Updated 6.40pm with COOL's reaction
The ridesharing company COOL announced on Friday it will cease all operations on the island on January 27, blaming a lack of government transport incentives.
COOL was set up in Malta in 2019 as the first operation of its kind on the island: clients could book a cab through an app and share the ride with strangers.
In a statement sent to the media announcing its departure, COOL said similar ridesharing models had proved successful in over 35 countries thanks to government transport policy incentives.
“Without such policy, it has become clear that the mobility services delivered by COOL will not be a feasible solution going forward.
"According to the latest national transport survey, almost 90% of all trips in Malta take place by means of single-occupancy vehicles such as private cars and cabs and therefore a modal shift in transportation is required with a transport policy that promotes traffic-reducing solutions."
The COOL brand is owned by the Debono Group, which was also a minority shareholder in GoTo Malta - the car-sharing company that closed down its local operation at the end of September.

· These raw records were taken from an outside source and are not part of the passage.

context
  fixes F :: "(nat \<Rightarrow> real) set set" and lo hi :: "(nat \<Rightarrow> real) set \<Rightarrow> real" and h :: nat
  assumes separated: "\<And>A B. A \<in> F \<Longrightarrow> B \<in> F \<Longrightarrow> hi A < lo B \<Longrightarrow> A \<inter> B = {}"
    and nonempty: "{} \<notin> F"
    and nu_le: "nu F \<le> enat (2 * h + 1)"
begin

private lemma card_add_le_if_separated:
  assumes R: "R \<subseteq> F" "finite R" "disjoint R" "\<forall>A\<in>R. hi A < c"
    and R': "R' \<subseteq> F" "finite R'" "disjoint R'" "\<forall>B\<in>R'. c < lo B"
  shows "card R + card R' \<le> 2 * h + 1"
proof -
  have disj: "A \<inter> B = {}" if "A \<in> R" "B \<in> R'" for A B
  proof -
    from that R(4) R'(4) have "hi A < c" "c < lo B" by auto
    then show ?thesis using that R(1) R'(1) by (intro separated) auto
  qed
  then have "\<Union>R \<inter> \<Union>R' = {}" by blast
  moreover have "R \<inter> R' = {}"
  proof (rule equals0I)
    fix B assume "B \<in> R \<inter> R'"
    then have "B = {}" "B \<in> F" using disj R(1) by auto
    then show False using nonempty by simp
  qed
  ultimately have "card (R \<union> R') = card R + card R'" "disjoint (R \<union> R')"
    using R R' by (simp_all add: card_Un_disjoint disjoint_union)
  moreover have "card (R \<union> R') \<le> 2 * h + 1"
    using R R' calculation(2) by (intro card_le_of_nu_le[OF nu_le]) auto
  ultimately show ?thesis by simp
qed
(* For every $c\in(0,1]$ and every $d$ with $1\le d<\frac{1}{1-c}$ (any $d\ge 1$ if $c=1$) and every $\delta>0$, there exists an instance of the submodular partition problem with two users, both of whose valuation functions have curvature exactly $c$, such that the run of GREEDY-M satisfies $\max_i\{c_{u_i}+1/d_i^p\}=c+\frac1d$ and $$\frac{Z(G)}{Z(\Omega)}\ \le\ \frac{1}{c+\frac1d}+\delta .$$ Thus the lower bound $\min\bigl(1,1/\max_i\{c_{u_i}+1/d_i^p\}\bigr)$ on $Z(G)/Z(\Omega)$ for GREEDY-M cannot be improved in general.
   Context: Submodular partition problem: resources $\mathcal{R}$ ($|\mathcal{R}|=n$), users $\mathcal{U}$, monotone submodular $Z_u:2^{\mathcal{R}}\to\mathbb{R}$ with $Z_u(\emptyset)=0$; $Z(S)=\sum_u Z_u(S_u)$ with $S_u=\{r:(u,r)\in S\}$; a partition assigns each resource to exactly one user; $\Omega$ is an optimal partition. $\rho^u_r(S)=Z_u(S_u\cup\{r\})-Z_u(S_u)$. Curvature $c_u=1-\min\{(Z_u(S\cup\{r\})-Z_u(S))/Z_u(\{r\}): S\subseteq\mathcal{R}, r\notin S, Z_u(\{r\})>0\}$. GREEDY-M: $G^0=\emptyset$; at iteration $i=1,\dots,n$ pick, among pairs $(u,r)$ with $r$ unallocated in $G^{i-1}$, one maximizing $\rho^u_r(G^{i-1})$; ties broken by minimizing $c_u+1/d_i(u,r)$ where $d_i(u,r)=\rho^u_r(G^{i-1})/\max_{u'\ne u}\rho^{u'}_r(G^{i-1})$, then by a fixed index; call it $(u_i,r_i)$, $G^i=G^{i-1}\cup\{(u_i,r_i)\}$, $G=G^n$; $d_i^p=d_i(u_i,r_i)$. *)

theory Defs
  imports Main "HOL.Real"
begin

definition alloc_of :: "(nat \<times> nat) set \<Rightarrow> nat \<Rightarrow> nat set" where
  "alloc_of S u = {r. (u, r) \<in> S}"

definition total_val :: "nat set \<Rightarrow> (nat \<Rightarrow> nat set \<Rightarrow> real) \<Rightarrow> (nat \<times> nat) set \<Rightarrow> real" where
  "total_val U Z S = (\<Sum>u\<in>U. Z u (alloc_of S u))"

definition mono_submod :: "nat set \<Rightarrow> (nat set \<Rightarrow> real) \<Rightarrow> bool" where
  "mono_submod R f \<longleftrightarrow> f {} = 0
     \<and> (\<forall>S T. S \<subseteq> T \<and> T \<subseteq> R \<longrightarrow> f S \<le> f T)
     \<and> (\<forall>S T r. S \<subseteq> T \<and> T \<subseteq> R \<and> r \<in> R \<and> r \<notin> T \<longrightarrow>
            f (insert r T) - f T \<le> f (insert r S) - f S)"
text \<open>Colimit (final) topology on Echeck with respect to the maps exp(-tau H) : H_Sigma -> Echeck.\<close>
definition Echeck_top :: "real set \<Rightarrow> (real \<Rightarrow> nat) \<Rightarrow> family topology" where
  "Echeck_top Spec d = topology (\<lambda>U. U \<subseteq> Echeck Spec d \<and>
     (\<forall>tau. Re tau > 0 \<longrightarrow> openin (hilb_top Spec d) {w \<in> hilb Spec d. heat tau w \<in> U}))"

end

theory Submission
  imports Defs
begin

text \<open>Continuity of the functional at 0 for the final topology on Echeck means that for
  every t > 0 the composite w \<mapsto> g (exp(-tH) w) maps some ball of radius e around 0 in the
  Hilbert space into the unit disc.  Testing this on vectors of norm e/2 lying in the single
  eigenspace of l, on which exp(-tH) acts as the scalar exp(-tl), gives
  exp(-tl) (e/2) |g_l v| < 1 for every unit vector v, i.e. a bound 2/e exp(tl) on the norm of g_l.\<close>

lemma istopology_radius_open:
  "istopology (\<lambda>S. S \<subseteq> H \<and> (\<forall>x\<in>S. \<exists>e>0. \<forall>y\<in>H. N x y < (e::real) \<longrightarrow> y \<in> S))"
  unfolding istopology_def
proof (intro conjI allI impI ballI)
  fix S T
  assume S: "S \<subseteq> H \<and> (\<forall>x\<in>S. \<exists>e>0. \<forall>y\<in>H. N x y < e \<longrightarrow> y \<in> S)"
    and T: "T \<subseteq> H \<and> (\<forall>x\<in>T. \<exists>e>0. \<forall>y\<in>H. N x y < e \<longrightarrow> y \<in> T)"
  show "S \<inter> T \<subseteq> H" using S by auto
  fix x assume "x \<in> S \<inter> T"
  then obtain e1 e2 where "e1 > 0" "e2 > 0"
      "\<forall>y\<in>H. N x y < e1 \<longrightarrow> y \<in> S" "\<forall>y\<in>H. N x y < e2 \<longrightarrow> y \<in> T"
    using S T by blast
  then show "\<exists>e>0. \<forall>y\<in>H. N x y < e \<longrightarrow> y \<in> S \<inter> T"
    by (intro exI[of _ "min e1 e2"]) auto
next
  fix \<K>
  assume \<K>: "\<forall>K\<in>\<K>. K \<subseteq> H \<and> (\<forall>x\<in>K. \<exists>e>0. \<forall>y\<in>H. N x y < e \<longrightarrow> y \<in> K)"
  then show "\<Union>\<K> \<subseteq> H" by blast
  fix x assume "x \<in> \<Union>\<K>"
  then obtain K where K: "K \<in> \<K>" "x \<in> K" by blast
  with \<K> obtain e where "e > 0" "\<forall>y\<in>H. N x y < e \<longrightarrow> y \<in> K"
    by meson
  with K show "\<exists>e>0. \<forall>y\<in>H. N x y < e \<longrightarrow> y \<in> \<Union>\<K>" by blast
qed
lemma integrable_scaleR_bounded_support:
  fixes \<psi> :: "'a::euclidean_space \<Rightarrow> real" and h :: "'a \<Rightarrow> 'b::{banach, second_countable_topology}"
  assumes h: "h \<in> borel_measurable lebesgue" "\<And>K. compact K \<Longrightarrow> set_integrable lebesgue K h"
    and \<psi>: "continuous_on UNIV \<psi>" "bounded {x. \<psi> x \<noteq> 0}"
  shows "integrable lebesgue (\<lambda>x. \<psi> x *\<^sub>R h x)"
proof -
  let ?K = "closure {x. \<psi> x \<noteq> 0}"
  have K: "compact ?K"
    using \<psi>(2) by (simp add: compact_eq_bounded_closed bounded_closure)
  then obtain B where B: "\<And>x. x \<in> ?K \<Longrightarrow> \<bar>\<psi> x\<bar> \<le> B"
    using compact_imp_bounded[OF compact_continuous_image[OF continuous_on_subset[OF \<psi>(1)] K]]
    by (auto simp: bounded_iff)
  show ?thesis
  proof (rule Bochner_Integration.integrable_bound)
    show "integrable lebesgue (\<lambda>x. B *\<^sub>R (indicator ?K x *\<^sub>R h x))"
      using h(2)[OF K] unfolding set_integrable_def by (rule integrable_scaleR_right)
    have "\<psi> \<in> borel_measurable lebesgue"
      using continuous_imp_measurable_on_sets_lebesgue[of UNIV \<psi>] \<psi>(1) by simp
    then show "(\<lambda>x. \<psi> x *\<^sub>R h x) \<in> borel_measurable lebesgue"
      using h(1) by (rule borel_measurable_scaleR)
    show "AE x in lebesgue. norm (\<psi> x *\<^sub>R h x) \<le> norm (B *\<^sub>R (indicator ?K x *\<^sub>R h x))"
    proof (intro AE_I2)
      fix x
      show "norm (\<psi> x *\<^sub>R h x) \<le> norm (B *\<^sub>R (indicator ?K x *\<^sub>R h x))"
      proof (cases "x \<in> ?K")
        case True
        have "norm (\<psi> x *\<^sub>R h x) = \<bar>\<psi> x\<bar> * norm (h x)"
          by simp
        also have "\<dots> \<le> \<bar>B\<bar> * norm (h x)"
          using B[OF True] by (intro mult_right_mono) auto
        also have "\<dots> = norm (B *\<^sub>R (indicator ?K x *\<^sub>R h x))"
          using True by simp
        finally show ?thesis .
      next
        case False
        then have "\<psi> x = 0"
          using closure_subset[of "{x. \<psi> x \<noteq> 0}"] by auto
        then show ?thesis
          by simp
      qed
    qed
  qed
qed

lemma weak_grad_integrable:
  assumes "weak_grad u G" "test_fun \<psi>"
  shows "integrable lebesgue (\<lambda>x. u x $ j * \<psi> x)"
    and "integrable lebesgue (\<lambda>x. G x $ i $ j * \<psi> x)"
proof -
  have \<psi>: "continuous_on UNIV \<psi>" "bounded {x. \<psi> x \<noteq> 0}"
    using assms(2) test_fun_continuous test_fun_def by auto
  have "u \<in> borel_measurable lebesgue" "\<And>K. compact K \<Longrightarrow> set_integrable lebesgue K u"
    and "G \<in> borel_measurable lebesgue" "\<And>K. compact K \<Longrightarrow> set_integrable lebesgue K G"
    using assms(1) unfolding weak_grad_def by blast+
  then have scaled: "integrable lebesgue (\<lambda>x. \<psi> x *\<^sub>R u x)" "integrable lebesgue (\<lambda>x. \<psi> x *\<^sub>R G x)"
    using integrable_scaleR_bounded_support[OF _ _ \<psi>] by blast+
  have "integrable lebesgue (\<lambda>x. (\<psi> x *\<^sub>R u x) $ j)"
    using integrable_bounded_linear[OF bounded_linear_vec_nth scaled(1)] .
  moreover have "integrable lebesgue (\<lambda>x. (\<psi> x *\<^sub>R G x) $ i $ j)"
    using integrable_bounded_linear[OF bounded_linear_vec_nth
        integrable_bounded_linear[OF bounded_linear_vec_nth scaled(2)]] .
  ultimately show "integrable lebesgue (\<lambda>x. u x $ j * \<psi> x)"
    and "integrable lebesgue (\<lambda>x. G x $ i $ j * \<psi> x)"
    by (simp_all add: mult.commute)
qed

The company had told Times of Malta it was quitting after a “lack of user uptake” worsened by the pandemic made the operation “financially unsustainable”.
In comments to Times of Malta, transport minister Aaron Farrugia said the ride-sharing company had asked twice for a bailout.
However, the government had refused to financially support COOL, citing unfair competition.
“Why should COOL, and not other companies, receive government aid? Buses are already free,” the minister said, adding that while COOL will cease operations, other operators had recently joined the market.
However, late on Friday COOL denied it had ever asked for a bailout.
"COOL would like to state that it never asked the government for any bailout.
"COOL was in discussions with the authorities to accelerate the modal shift in mobility, thus reducing traffic congestion. COOL reiterates that any government transport policy incentives would apply to all players in the market," it said in a statement.